Archief voor categorie social
ScheduledThreadPoolExecutor horribly broken
Geplaatst door Peter Doornbosch in java, mobility, social, technical op 29 maart 2007
A while ago, I considered using the Java 5 ThreadPoolExecutor class for executing
remote calls asynchronuously. The application I was working on needs to perform remote
calls on large numbers of devices, and as remote calls can take quite a while, you
don’t want these remote calls to wait on each other. Moreover, as remote calls might fail,
e.g. due to network problems, a retry mechanism was also needed. The
ScheduledThreadPoolExecutor, a subclass of the ThreadPoolExecutor, additionally allows you to
schedule a task at a certain delay, which offers a simple and elegant solution for the
retry mechanism: when a remote call fails, I only had to re-schedule it with a
proper (increasing) delay and the scheduler would take care of it.
Thanks to the fact the ThreadPoolExecutors provides an abstract method afterExecute()
that is called after execution of the task, I didn’t have to pollute my task
implementation with retry logic, but could clearly separate these concerns. In the
afterExecute() method of the (subclassed) ScheduledThreadPoolExecutor, I could ask the
task whether it had succeeded, and if not I could simply reschedule it. And all this
just in a few lines of code:
void afterExecute(Runnable task, Throwable exception) {
if ((RemoteCallerTask) task).failed()) {
super.schedule(task, 10, TimeUnit.SECONDS);
}
}
When I first tested it, I got a ClassCastExeception. My first guess was that it might
have something to do with different class loaders, but when I ran it in a debugger it
turned out to be something that realy surprised me: the Runnable task that was passed
to this method was not my do-a-remote-call task that I had passed to the executor, but
something of a completely different type
(ScheduledThreadPoolExecutor$ScheduledFutureTask
Maybe I misinterpreted the documentation? I went back to the ThreadPoolExecutor
javadoc. It talked about “methods that are called before and after execution of each
task”, and the parameter description claimed the Runnable parameter to be “the runnable
that has completed”. This seemed to match my expectations: you execute a Runnable task
and that is what is passed to afterExecute. That would be the only sensible definition
of a after-execution hook, wouldn’t it? As the source code is the best documentation, I
checked the ThreadPoolExecutor source, which confirmed what I was expecting: the task
that is run is passed to the beforeExecute() and afterExecute() hooks.

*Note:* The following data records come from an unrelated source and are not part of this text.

lemma inner_neighbours:
  "x \<in> tree_nodes d h \<Longrightarrow> x \<notin> hub_nodes d \<Longrightarrow> gadget_edge d h x y \<Longrightarrow>
     y = butlast x \<or> (\<exists>c<2 * d - 1. y = x @ [c])"
  by (auto simp: gadget_edge_def sink_nodes_def hub_nodes_def tree_nodes_def branch_ok_def)

lemma card_gadget_neighbours_le:
  assumes "d \<ge> 1" and "x \<in> gadget_nodes d h"
  shows "card {y. gadget_edge d h x y} \<le> 2 * d"
proof -
  consider "x \<in> sink_nodes d" | "x \<in> hub_nodes d" | "x \<in> tree_nodes d h" "x \<notin> hub_nodes d"
    using \<open>x \<in> gadget_nodes d h\<close> by (auto simp: gadget_nodes_def)
  then show ?thesis
  proof cases
    case 1
    then have "card {y. gadget_edge d h x y} \<le> card (hub_nodes d)"
      using sink_neighbours by (intro card_mono) (auto simp: hub_nodes_eq)
    then show ?thesis
      by (simp add: card_hub_nodes)
  next
    case 2
    then have "card {y. gadget_edge d h x y} \<le> card (sink_nodes d \<union> (\<lambda>c. x @ [c]) ` {..<d})"
      by (intro card_mono) (auto simp: sink_nodes_eq dest: hub_neighbours[OF 2])
    also have "\<dots> \<le> card (sink_nodes d) + card ((\<lambda>c. x @ [c]) ` {..<d})"
      by (rule card_Un_le)
    also have "\<dots> \<le> d + d"
      using card_image_le[of "{..<d}" "\<lambda>c. x @ [c]"] by (simp add: card_sink_nodes)
    finally show ?thesis
      by simp
  next
    case 3
    then have "card {y. gadget_edge d h x y} \<le> card (insert (butlast x) ((\<lambda>c. x @ [c]) ` {..<2 * d - 1}))"
      by (intro card_mono) (auto dest: inner_neighbours[OF 3])
    also have "\<dots> \<le> Suc (card ((\<lambda>c. x @ [c]) ` {..<2 * d - 1}))"
      by (rule card_insert_le_m1) auto
    also have "\<dots> \<le> Suc (2 * d - 1)"
      using card_image_le[of "{..<2 * d - 1}" "\<lambda>c. x @ [c]"] by simp
    finally show ?thesis
      using \<open>d \<ge> 1\<close> by simp
  qed
qed

lemma gadget_neighbours:
  "h \<ge> 1 \<Longrightarrow> {u \<in> gadget_V d h. gadget_E d h (to_nat x) u} = to_nat ` {y. gadget_edge d h x y}"
  using gadget_edge_imp_nodes by (auto simp: gadget_V_def gadget_E_def)

lemma network_gadget:
  assumes "h \<ge> 1"
  shows "network (gadget_V d h) (gadget_E d h)"
proof -
  have "finite (gadget_V d h)"
    by (simp add: gadget_V_def gadget_nodes_def finite_sink_nodes finite_tree_nodes)
  moreover have "u \<in> gadget_V d h \<and> w \<in> gadget_V d h \<and> u \<noteq> w \<and> gadget_E d h w u"
    if "gadget_E d h u w" for u w
    using that gadget_edge_imp_nodes[OF assms] gadget_edge_sym
    by (auto simp: gadget_E_def gadget_V_def)
  ultimately show ?thesis
    by (simp add: network_def)
qed

lemma max_degree_gadget:
  assumes "d \<ge> 1" and "h \<ge> 1"
  shows "max_degree_le (gadget_V d h) (gadget_E d h) (2 * d)"
  unfolding max_degree_le_def
proof
  fix v assume "v \<in> gadget_V d h"
  then obtain x where x: "v = to_nat x" "x \<in> gadget_nodes d h"
    by (auto simp: gadget_V_def)
  have "card {u \<in> gadget_V d h. gadget_E d h v u} = card {y. gadget_edge d h x y}"
    using gadget_neighbours[OF \<open>h \<ge> 1\<close>] x(1) by (simp add: card_to_nat_image)
  also have "\<dots> \<le> 2 * d"
    using card_gadget_neighbours_le[OF \<open>d \<ge> 1\<close> x(2)] .
  finally show "card {u \<in> gadget_V d h. gadget_E d h v u} \<le> 2 * d" .
qed

lemma sink_neighbourhood:
  "h \<ge> 1 \<Longrightarrow> \<forall>y\<in>to_nat ` sink_nodes d. \<forall>u\<in>gadget_V d h.
     gadget_E d h y u \<longleftrightarrow> u \<in> to_nat ` hub_nodes d"
  using hub_nodes_subset_tree_nodes[of h d]
  by (auto simp: gadget_E_def gadget_edge_def gadget_V_def gadget_nodes_def
      sink_nodes_def hub_nodes_def tree_nodes_def)

lemma hub_ids_subset_gadget_V: "h \<ge> 1 \<Longrightarrow> to_nat ` hub_nodes d \<subseteq> gadget_V d h"
  using hub_nodes_subset_tree_nodes[of h d] by (auto simp: gadget_V_def gadget_nodes_def)

lemma walk_to_hub:
  "1 # l # p \<in> tree_nodes d h \<Longrightarrow>
     (to_nat (1 # l # p), to_nat [1, l]) \<in> {(a, b). gadget_E d h a b} ^^ length p"
proof (induction p rule: rev_induct)
  case Nil
  then show ?case by simp
next
  case (snoc c p)
  then have parent: "1 # l # p \<in> tree_nodes d h"
    by (cases p) (auto simp: tree_nodes_def branch_ok_def)
  with snoc.prems have "(to_nat (1 # l # p @ [c]), to_nat (1 # l # p)) \<in> {(a, b). gadget_E d h a b}"
    by (auto simp: gadget_E_def gadget_edge_def)
  from relpow_Suc_I2[OF this snoc.IH[OF parent]] show ?case
    by simp
qed

lemma leaf_sink_within_dist:
  assumes "h \<ge> 2" and "u \<in> to_nat ` leaf_nodes d h" and "w \<in> to_nat ` sink_nodes d"
  shows "u \<in> gadget_V d h \<and> w \<in> gadget_V d h \<and> u \<noteq> w \<and> within_dist (gadget_E d h) h u w"
proof -
  obtain x y where u: "u = to_nat x" "x \<in> leaf_nodes d h" and w: "w = to_nat y" "y \<in> sink_nodes d"
    using assms by blast
  then obtain l p where x: "x = 1 # l # p" "length p = h - 1" "l < d"
    using \<open>h \<ge> 2\<close> by (auto simp: leaf_nodes_def)
  have "x \<in> tree_nodes d h"
    using leaf_nodes_subset_tree_nodes[OF \<open>h \<ge> 2\<close>] u(2) by blast
  then have "(u, to_nat [1, l]) \<in> {(a, b). gadget_E d h a b} ^^ (h - 1)"
    using walk_to_hub[of l p d h] u(1) x by simp
  moreover have "gadget_E d h (to_nat [1, l]) w"
    using w \<open>l < d\<close> by (auto simp: gadget_E_def gadget_edge_def hub_nodes_def)
  ultimately have "(u, w) \<in> {(a, b). gadget_E d h a b} ^^ Suc (h - 1)"
    by (auto intro: relpow_Suc_I)
  then have "within_dist (gadget_E d h) h u w"
    using \<open>h \<ge> 2\<close> unfolding within_dist_def by (intro exI[of _ "Suc (h - 1)"]) auto
  moreover have "x \<noteq> y"
    using u(2) w(2) by (auto simp: leaf_nodes_def sink_nodes_def)
  ultimately show ?thesis
    using \<open>x \<in> tree_nodes d h\<close> u w by (auto simp: gadget_V_def gadget_nodes_def)
qed

lemma card_gadget_V_bounds:
  assumes "d \<ge> 1" and "h \<ge> 2"
  shows "d ^ h \<le> card (gadget_V d h)" and "card (gadget_V d h) \<le> (h + 1) * (2 * d) ^ h"
proof -
  have "card (gadget_V d h) = card (gadget_nodes d h)"
    by (simp add: gadget_V_def card_to_nat_image)
  then have card_V: "card (gadget_V d h) = d + card (tree_nodes d h)"
    using sink_nodes_disjoint_tree_nodes[of d h]
    by (simp add: gadget_nodes_def card_Un_disjoint card_sink_nodes finite_tree_nodes finite_sink_nodes)
  have "d ^ h = d ^ (2 + (h - 2))"
    using \<open>h \<ge> 2\<close> by (simp only: le_add_diff_inverse)
  also have "\<dots> = d ^ 2 * d ^ (h - 2)"
    by (rule power_add)
  also have "\<dots> \<le> d ^ 2 * (2 * d - 1) ^ (h - 2)"
    by (intro mult_le_mono2 power_mono) auto
  also have "\<dots> = card (leaf_nodes d h)"
    by (simp add: card_leaf_nodes power2_eq_square)
  also have "\<dots> \<le> card (tree_nodes d h)"
    by (intro card_mono finite_tree_nodes leaf_nodes_subset_tree_nodes \<open>h \<ge> 2\<close>)
  finally show "d ^ h \<le> card (gadget_V d h)"
    using card_V by simp
  have "d * (2 * d) ^ (h - 1) \<le> (2 * d) ^ h"
    using \<open>h \<ge> 2\<close> by (simp add: power_eq_if)
  then have "d * (h * (2 * d) ^ (h - 1)) \<le> h * (2 * d) ^ h"
    by (metis mult.left_commute mult_le_mono2)
  moreover have "d \<le> (2 * d) ^ h"
    using self_le_power[of "2 * d" h] \<open>d \<ge> 1\<close> \<open>h \<ge> 2\<close> by simp
  ultimately have "d + card (tree_nodes d h) \<le> (2 * d) ^ h + h * (2 * d) ^ h"
    using card_tree_nodes_le[of d h] \<open>d \<ge> 1\<close> \<open>h \<ge> 2\<close> by linarith
  then show "card (gadget_V d h) \<le> (h + 1) * (2 * d) ^ h"
    using card_V by simp
qed

lemma gadget_network_size:
  assumes "h \<ge> 2" and "D = 2 * d" and "d \<ge> 1"
  shows "network (gadget_V d h) (gadget_E d h) \<and> max_degree_le (gadget_V d h) (gadget_E d h) D \<and>
    1 / 2 ^ h * real D ^ h \<le> real (card (gadget_V d h)) \<and>
    real (card (gadget_V d h)) \<le> real (h + 1) * real D ^ h"
proof -
  have "1 / 2 ^ h * real D ^ h = real (d ^ h)"
    using \<open>D = 2 * d\<close> by (simp add: power_mult_distrib)
  moreover have "real (h + 1) * real D ^ h = real ((h + 1) * (2 * d) ^ h)"
    using \<open>D = 2 * d\<close> by (simp only: of_nat_mult of_nat_power)
  ultimately show ?thesis
    using network_gadget max_degree_gadget card_gadget_V_bounds assms
    by (simp only: of_nat_le_iff)
qed

section \<open>Lower bounds for simulation and local broadcast\<close>

lemma simulation_hard_messages:
  fixes A :: "(nat \<Rightarrow> bool list, nat \<Rightarrow> bool list) beep_alg" and d h :: nat
  defines "P \<equiv> to_nat ` leaf_nodes d h \<times> to_nat ` sink_nodes d"
  assumes "h \<ge> 2" and "real T \<le> K / 2" and "K \<le> real (B * card P)"
  shows "\<exists>m. (\<forall>(u, w)\<in>P. length (m u w) \<le> B) \<and>
    success_prob A (gadget_V d h) (gadget_E d h) (sim_input P m) T (sim_correct P m) \<le> 2 powr (- (K / 2))"
proof -
  let ?M = "PiE P (\<lambda>_. {xs :: bool list. length xs = B})"
  have sink_not_source: "(y, w) \<notin> P" if "y \<in> to_nat ` sink_nodes d" for y w
    using leaf_sink_within_dist[OF \<open>h \<ge> 2\<close> _ that] by (auto simp: P_def)
  have "\<exists>g\<in>?M. success_prob A (gadget_V d h) (gadget_E d h) (sim_input P (curry g)) T
      (sim_correct P (curry g)) \<le> 2 powr (- (K / 2))"
  proof (rule exists_hard_bit_strings[where Y = "to_nat ` sink_nodes d" and S = "to_nat ` hub_nodes d"])
    show "\<forall>g g'. \<forall>y\<in>to_nat ` sink_nodes d. sim_input P (curry g) y = sim_input P (curry g') y"
      by (simp add: sim_input_def sink_not_source)
    show "\<forall>g\<in>?M. \<forall>g'\<in>?M. \<forall>out out'. sim_correct P (curry g) out \<longrightarrow> sim_correct P (curry g') out' \<longrightarrow>
        (\<forall>y\<in>to_nat ` sink_nodes d. out y = out' y) \<longrightarrow> g = g'"
    proof (intro ballI allI impI)
      fix g g' out out'
      assume g: "g \<in> ?M" and g': "g' \<in> ?M"
        and "sim_correct P (curry g) out" "sim_correct P (curry g') out'"
        and "\<forall>y\<in>to_nat ` sink_nodes d. out y = out' y"
      then have "g (u, w) = g' (u, w)" if "(u, w) \<in> P" for u w
        using that by (force simp: sim_correct_def P_def)
      then show "g = g'"
        using PiE_ext[OF g g'] by auto
    qed
  qed (use assms sink_neighbourhood hub_ids_subset_gadget_V in
       \<open>auto simp: P_def finite_sink_nodes finite_leaf_nodes\<close>)
  then obtain g where "g \<in> ?M" and "success_prob A (gadget_V d h) (gadget_E d h)
      (sim_input P (curry g)) T (sim_correct P (curry g)) \<le> 2 powr (- (K / 2))"
    by blast
  then show ?thesis
    by (intro exI[of _ "curry g"]) auto
qed

lemma local_broadcast_hard_messages:
  fixes A :: "(bool list, nat \<Rightarrow> bool list) beep_alg" and d h :: nat
  defines "L \<equiv> to_nat ` leaf_nodes d h" and "lb_ok \<equiv> lb_correct (gadget_V d h) (gadget_E d h) h"
  assumes "h \<ge> 2" and "d \<ge> 1" and "real T \<le> K / 2" and "K \<le> real (B * card L)"
  shows "\<exists>m. (\<forall>u\<in>gadget_V d h. length (m u) \<le> B) \<and>
    success_prob A (gadget_V d h) (gadget_E d h) m T (lb_ok m) \<le> 2 powr (- (K / 2))"
proof -
  let ?M = "PiE L (\<lambda>_. {xs :: bool list. length xs = B})"
  (* g is undefined outside L, of unknown length, hence the padding with [] *)
  define msg where "msg g = (\<lambda>u. if u \<in> L then g u else [])" for g :: "nat \<Rightarrow> bool list"
  have sink_not_leaf: "y \<notin> L" if "y \<in> to_nat ` sink_nodes d" for y
    using leaf_sink_within_dist[OF \<open>h \<ge> 2\<close> _ that] by (auto simp: L_def)
  have "[0, 0] \<in> sink_nodes d"
    using \<open>d \<ge> 1\<close> by (simp add: sink_nodes_def)
  then obtain w where w: "w \<in> to_nat ` sink_nodes d"
    by blast
  have "\<exists>g\<in>?M. success_prob A (gadget_V d h) (gadget_E d h) (msg g) T (lb_ok (msg g))
      \<le> 2 powr (- (K / 2))"
  proof (rule exists_hard_bit_strings[where Y = "to_nat ` sink_nodes d" and S = "to_nat ` hub_nodes d"])
    show "\<forall>g g'. \<forall>y\<in>to_nat ` sink_nodes d. msg g y = msg g' y"
      by (simp add: msg_def sink_not_leaf)
    show "\<forall>g\<in>?M. \<forall>g'\<in>?M. \<forall>out out'. lb_ok (msg g) out \<longrightarrow> lb_ok (msg g') out' \<longrightarrow>
        (\<forall>y\<in>to_nat ` sink_nodes d. out y = out' y) \<longrightarrow> g = g'"
    proof (intro ballI allI impI)
      fix g g' out out'
      assume g: "g \<in> ?M" and g': "g' \<in> ?M"
        and "lb_ok (msg g) out" "lb_ok (msg g') out'" "\<forall>y\<in>to_nat ` sink_nodes d. out y = out' y"
      (* already the single sink w must output every leaf's message *)
      then have "g u = g' u" if "u \<in> L" for u
        using that w leaf_sink_within_dist[OF \<open>h \<ge> 2\<close> _ w]
        by (force simp: lb_ok_def lb_correct_def msg_def L_def)
      then show "g = g'"
        using PiE_ext[OF g g'] by auto
    qed
  qed (use assms sink_neighbourhood hub_ids_subset_gadget_V in \<open>auto simp: L_def finite_leaf_nodes\<close>)
  then obtain g where "g \<in> ?M"
    and "success_prob A (gadget_V d h) (gadget_E d h) (msg g) T (lb_ok (msg g)) \<le> 2 powr (- (K / 2))"
    by blast
  then show ?thesis
    by (intro exI[of _ "msg g"]) (auto simp: msg_def)
qed
text \<open>If x and the excluded elements z (those with
  filters - Ux z in the cover) generate a proper filter G, then G lies in some Ux y of the cover,
  and y \<in> G is witnessed by finitely many of them; otherwise bot \<in> G is.\<close>
lemma Ux_subbasic_cover_finite:
  assumes \<C>: "\<C> \<subseteq> {S. \<exists>y. S = Ux y \<or> S = filters - Ux y}" "Ux x \<subseteq> \<Union>\<C>"
  shows "\<exists>\<C>'. finite \<C>' \<and> \<C>' \<subseteq> \<C> \<and> Ux x \<subseteq> \<Union>\<C>'"
proof -
  define Z where "Z = {z. filters - Ux z \<in> \<C>}"
  let ?G = "generated_filter (insert x Z)"
  obtain y A where A: "finite A" "A \<noteq> {}" "A \<subseteq> insert x Z" "Inf_fin A \<le> y"
    and y: "Ux y = {} \<or> Ux y \<in> \<C>"
  proof (cases "bot \<in> ?G")
    case True
    moreover have "Ux bot = {}" by (auto simp: Ux_def bot_notin_filter)
    ultimately show thesis using that unfolding generated_filter_def by blast
  next
    case False
    then have "?G \<in> filters" by (simp add: generated_filter_in_filters)
    then have "?G \<in> Ux x" using subset_generated_filter[of "insert x Z"] by (auto simp: Ux_def)
    then obtain S where "S \<in> \<C>" "?G \<in> S" using \<C>(2) by blast
    moreover have "?G \<in> Ux z" if "z \<in> Z" for z
      using that \<open>?G \<in> filters\<close> subset_generated_filter[of "insert x Z"] by (auto simp: Ux_def)
    ultimately obtain y where "Ux y \<in> \<C>" "y \<in> ?G"
      using \<C>(1) Z_def by (auto simp: Ux_def)
    then show thesis using that unfolding generated_filter_def by blast
  qed
  let ?\<C>' = "insert (Ux y) ((\<lambda>z. filters - Ux z) ` (A \<inter> Z)) - {{}}"
  have "finite ?\<C>'" "?\<C>' \<subseteq> \<C>" using A(1) y Z_def by auto
  moreover have "Ux x \<subseteq> \<Union>?\<C>'" using Ux_subset_cover[OF A] by blast
  ultimately show ?thesis by blast
qed

lemma compactin_Ux: "compactin filter_topology (Ux x)"
proof -
  let ?\<S> = "{S. \<exists>y. S = Ux y \<or> S = filters - Ux y}"
  have "Ux x \<subseteq> \<Union>?\<S>" by blast
  then have "compact_space (subtopology filter_topology (Ux x))"
    unfolding filter_topology_def
    by (intro Alexander_subbase_alt[of "Ux x" ?\<S>] Ux_subbasic_cover_finite
        subtopology_topology_generated_by) auto
  then show ?thesis by (simp add: compactin_subspace topspace_filter_topology Ux_def)
qed
(* Let $S$ be a Boolean inverse monoid satisfying condition (H), and let $\nu\in IM(\mathcal G_{\mathrm{tight}}(S))$. Then $\eta_\nu:E(S)\to[0,\infty)$, $\eta_\nu(e)=\nu(D_e)$, is a normalized invariant mean on $S$, and $\nu\mapsto\eta_\nu$ is an affine isomorphism (bijection) from $IM(\mathcal G_{\mathrm{tight}}(S))$ onto $M(S)$.
   Context: $S$ is a Boolean inverse monoid (countable inverse monoid with zero, $s^*$ the inverse of $s$, in which finite compatible sets have joins, multiplication distributes over them, and the idempotents $E(S)$ form a Boolean algebra). $\mathcal J_s=\{e\in E(S):se=e\}$; condition (H): each $\mathcal J_s$ admits a finite cover (finite $C\subseteq\mathcal J_s$ such that every nonzero element of $\mathcal J_s$ has nonzero product with some $c\in C$). $M(S)$: normalized invariant means, i.e. $\mu:E(S)\to[0,\infty)$ with $\mu(1)=1$, $\mu(s^*s)=\mu(ss^* )$, and $\mu(e\vee f)=\mu(e)+\mu(f)$ when $ef=0$. $\widehat E_{\mathrm{tight}}(S)$ is the Stone space of ultrafilters of $E(S)$, $D_e=\{\xi: e\in\xi\}$ (clopen), $\theta_s:D_{s^*s}\to D_{ss^*}$, $\theta_s(\xi)=\{f: f\ge ses^*\text{ for some }e\in\xi\}$. $\mathcal G_{\mathrm{tight}}(S)$ is the groupoid of germs $[s,\xi]$ ($[s,\xi]=[t,\xi]$ iff $se=te$ for some $e\in\xi$), $d([s,\xi])=\xi$, $r([s,\xi])=\theta_s(\xi)$, with topology generated by $\Theta(s,U)=\{[s,\xi]:\xi\in U\}$, $U\subseteq D_{s^*s}$ open; its unit space is $\widehat E_{\mathrm{tight}}(S)$. For an étale groupoid $\mathcal G$, a bisection is an open set $U$ on which $r$ and $d$ are injective; $IM(\mathcal G)$ is the affine space of regular Borel probability measures $\nu$ on $\mathcal G^{(0)}$ with $\nu(r(U))=\nu(d(U))$ for all bisections $U$. *)

theory Defs
  imports "HOL-Probability.Probability"
begin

A little bit of studying on the ScheduledThreadPoolExecutor source revealed why I got a
ClassCastExeception: it wraps the (user supplied) task in a ScheduledFutureTask object
before passing it to the base class (that puts it in the task queue). One of the
reasons why this wrapper is needed, is because the ScheduledThreadPoolExecutor uses a
DelayQueue to store the tasks and elements of this queue must implemented Delayed
(i.e. have a method that returns the delay). This type of queue sorts tasks based on
the delay: shorter delay comes first. When taking an element from the queue, it blocks
until the delay of the first task has passed. Using this type of queue makes the
implementation of the ScheduledThreadPoolExecutor quite simple: it wraps the task in a
wrapper that implements getDelay() and puts these wrappers in the queue.
Although I can appreciate the beauty of using a DelayQueue in combination with a normal
ThreadPoolExecutor, I don’t think it is the right solution. The point is that it breaks
one of the fundamental principles of OO programming and that is that derived classes
should respect the contract defined by the base class(es) (and or interfaces). The contract
that the base class ThreadPoolExecutor defines, is that it will call the hook methods
with your task as a parameter. ScheduledThreadPoolExecutor breaks this contract, as it
does not adhere to what its base class has promised.
This break of contract shouldn’t be taken lightly. It makes code that uses these
executors fragile: if for some reason someone decides to use the other class as
implementation of the general executor service, existing code might break. Put
differently: in order to make your code robust, you would to have to take into account
which executor implementation was chosen, at different points in your code. This
violates principles of encapsulation and abstraction: code should never depend on
implementation types, only on interfaces.
I was pretty disappointed that even in the concurrency API, such fundamental
mistakes can be found. Moreover, it appeared this is not the only break of contract, and that fixing this properly doesn’t seem to have any priority, but more on that later.